WHAT IS NEEDED:
In the material below, find each line with the word "show" and list it.

=== DATA ===

lemma lq_decomposition:
  "X \<in> carrier_mat n m \<Longrightarrow> \<exists>W. unitary m W \<and> (\<forall>a<n. \<forall>e<m. a < e \<longrightarrow> (X * W) $$ (a, e) = 0)"
proof (induction m arbitrary: n X)
  case 0
  then show ?case
    using unitary_one by blast
next
  case (Suc m)
  note X = Suc.prems
  show ?case
  proof (cases n)
    case 0
    then show ?thesis
      using unitary_one by blast
  next
    case (Suc n')
    obtain V where V: "unitary (Suc m) V"
      and row0: "\<forall>j<Suc m. (X * V) $$ (0, j) = (if j = 0 then complex_of_real (vnorm (row X 0)) else 0)"
      using mult_householder_row[OF X] Suc by blast
    have Vc: "V \<in> carrier_mat (Suc m) (Suc m)"
      using V by (simp add: unitary_carrier)
    have XV: "X * V \<in> carrier_mat n (Suc m)"
      using X Vc by simp
    define Z where "Z = mat n' m (\<lambda>(a, e). (X * V) $$ (Suc a, Suc e))"
    obtain W where W: "unitary m W" and ZW: "\<forall>a<n'. \<forall>e<m. a < e \<longrightarrow> (Z * W) $$ (a, e) = 0"
      using Suc.IH[of Z n'] by (auto simp: Z_def)
    have Wc: "W \<in> carrier_mat m m"
      using W by (simp add: unitary_carrier)
    have zero: "(X * V * block_diag_one W) $$ (a, Suc e) = 0" if "a < n" "e < m" "a < Suc e" for a e
    proof -
      have "(X * V * block_diag_one W) $$ (a, Suc e) = (\<Sum>k<m. (X * V) $$ (a, Suc k) * W $$ (k, e))"
        unfolding mult_block_diag_one_index(2)[OF XV Wc that(1,2)]
        using that X Vc Wc by (simp add: drop_first_col_def scalar_prod_def atLeast0LessThan)
      also have "\<dots> = 0"
      proof (cases a)
        case 0
        then show ?thesis
          using row0 by simp
      next
        case (Suc a')
        have "(Z * W) $$ (a', e) = 0"
          using ZW Suc that \<open>n = Suc n'\<close> by simp
        then show ?thesis
          using Suc that Wc \<open>n = Suc n'\<close> by (simp add: Z_def scalar_prod_def atLeast0LessThan)
      qed
      finally show ?thesis .
    qed
    have "X * (V * block_diag_one W) = X * V * block_diag_one W"
      using X Vc block_diag_one_carrier[OF Wc] by (simp add: assoc_mult_mat[of _ n "Suc m" _ "Suc m" _ "Suc m"])
    then have "\<forall>a<n. \<forall>e<Suc m. a < e \<longrightarrow> (X * (V * block_diag_one W)) $$ (a, e) = 0"
      using zero by (metis Suc_less_eq less_nat_zero_code not0_implies_Suc)
    then show ?thesis
      using V W by (intro exI[of _ "V * block_diag_one W"]) (simp add: unitary_mult unitary_block_diag_one)
  qed
qed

===

RESPONSE TO THE EXERCISE:
  then show ?case
  show ?case
    then show ?thesis
        then show ?thesis
        then show ?thesis
      finally show ?thesis .
    then show ?thesis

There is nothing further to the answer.